RecipeApple Cobbler Oatmeal

Nutrition Facts
Amount per Serving
  • Calories: 245
  • Protein: 6 g
  • Total Fat: 8 g
    • Saturated Fat: 2 g
    • Unsaturated Fat: 6 g
  • Cholesterol: 7 mg
  • Total Carbohydrate: 39 g
  • Dietary Fiber: 7 g
  • Total Sugar: 9 g
    • Natural Sugar: 9 g
    • Added Sugar: 0 g
  • Sodium: 180 mg

Oatmeal seems like a pretty safe bet for breakfast, right? It’s a whole grain, after all. But keep in mind, it’s healthful only if you prepare it with the right ingredients. If you add whole milk and excessive sugar, you could easily wind up north of 400 calories.

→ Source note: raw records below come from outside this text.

(* Under the standing assumptions, let $H$ be a wide subgroupoid of $\mathcal G$ and set $\gamma(H)=\bigoplus_{h\in H}J_h$. Then $\gamma(H)$ is a $C(R)$-subalgebra of $R$ and $$\gamma(H)=V_R\big(R^{\beta_{\mathcal S_H}}\big),$$ where $\mathcal S_H=\{h\in H:J_h\neq\{0\}\}$ and $R^{\beta_{\mathcal S_H}}=\{r\in R:\beta_h(r1_{h^{-1}})=r1_h\ \text{for all } h\in\mathcal S_H\}$.
   Context: All rings and algebras are associative and unital. A groupoid is a nonempty set $\mathcal G$ with a partially defined associative multiplication in which every $g$ has an inverse $g^{-1}$, a left identity $r(g)=gg^{-1}$ and a right identity $d(g)=g^{-1}g$; $gh$ is defined iff $d(g)=r(h)$; $\mathcal G_0$ is the set of identities. A subgroupoid is a nonempty subset closed under inverses and defined products; it is wide if it contains $\mathcal G_0$. Standing assumptions: $K$ commutative ring, $R$ a $K$-algebra, $\mathcal G$ a finite groupoid, $\beta=(\{E_g\},\{\beta_g\})$ a unital action of $\mathcal G$ on $R$: $E_g=E_{r(g)}$ is an ideal of $R$, unital with identity $1_g$ (so $1_{g^{-1}}=1_{d(g)}$), $\beta_g:E_{g^{-1}}\to E_g$ a $K$-algebra isomorphism, $\beta_e=\mathrm{id}_{E_e}$ for $e\in\mathcal G_0$, $\beta_g\beta_h(x)=\beta_{gh}(x)$ whenever $d(g)=r(h)$, $x\in E_{h^{-1}}$; $R=\bigoplus_{e\in\mathcal G_0}E_e$; and $R$ is a $\beta$-Galois extension of $R^\beta=\{r\in R:\beta_g(r1_{g^{-1}})=r1_g\ \forall g\}$: there exist $x_i,y_i\in R$ ($1\le i\le m$) with $\sum_i x_i\beta_g(y_i1_{g^{-1}})=1_g$ if $g\in\mathcal G_0$ and $=0$ otherwise. $C(R)$ is the center of $R$, $V_R(S)=\{r\in R: rs=sr\ \forall s\in S\}$. For $g\in\mathcal G$, $J_g=\{r\in E_g: r\beta_g(x1_{g^{-1}})=xr\ \forall x\in R\}$; the sum $\bigoplus_{h\in H}J_h$ is a direct sum inside $R$. *)

theory Defs
  imports Main
begin

definition gdom :: "('g \<Rightarrow> 'g \<Rightarrow> 'g) \<Rightarrow> ('g \<Rightarrow> 'g) \<Rightarrow> 'g \<Rightarrow> 'g" where
  "gdom m i g = m (i g) g"

definition gran :: "('g \<Rightarrow> 'g \<Rightarrow> 'g) \<Rightarrow> ('g \<Rightarrow> 'g) \<Rightarrow> 'g \<Rightarrow> 'g" where
  "gran m i g = m g (i g)"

I created a version that’s sweet and satisfying—almost like having dessert for breakfast. But not, because it’s really good for you. There’s no added sugar (not even a drop), and it delivers some fiber and antioxidants thanks to the cinnamon-y apples. Grab your spoon and dig in.

For more apple goodness, try my Apple Protein Pancakes.

  • Prep time
  • Total Time
This recipe makes 2 servings
  • • 2 teaspoons whipped butter
  • • 1 apple (like Gala, Fuji, or Honeycrisp), finely chopped, skin on
  • • ½ teaspoon cinnamon
  • • 1 cup old-fashioned rolled oats
  • • 1¾ cups unsweetened vanilla almond milk (or any preferred milk)
  • • 1 teaspoon vanilla extract

Add the butter to a skillet and place over medium heat. Once the butter has melted, add the chopped apple and cinnamon. Stir to combine and sauté until they are just cooked but still crisp, 2 to 3 minutes.

Meanwhile, combine the oats and almond milk in a medium saucepan. Bring the mixture to a boil then lower the heat to a simmer. Cook for 3 to 5 minutes or until the oatmeal reaches your desired consistency. Stir in the vanilla.

Split the oatmeal between 2 bowls and top each with half of the apple-cinnamon mixture.

*Nutrition based on unsweetened vanilla almond milk.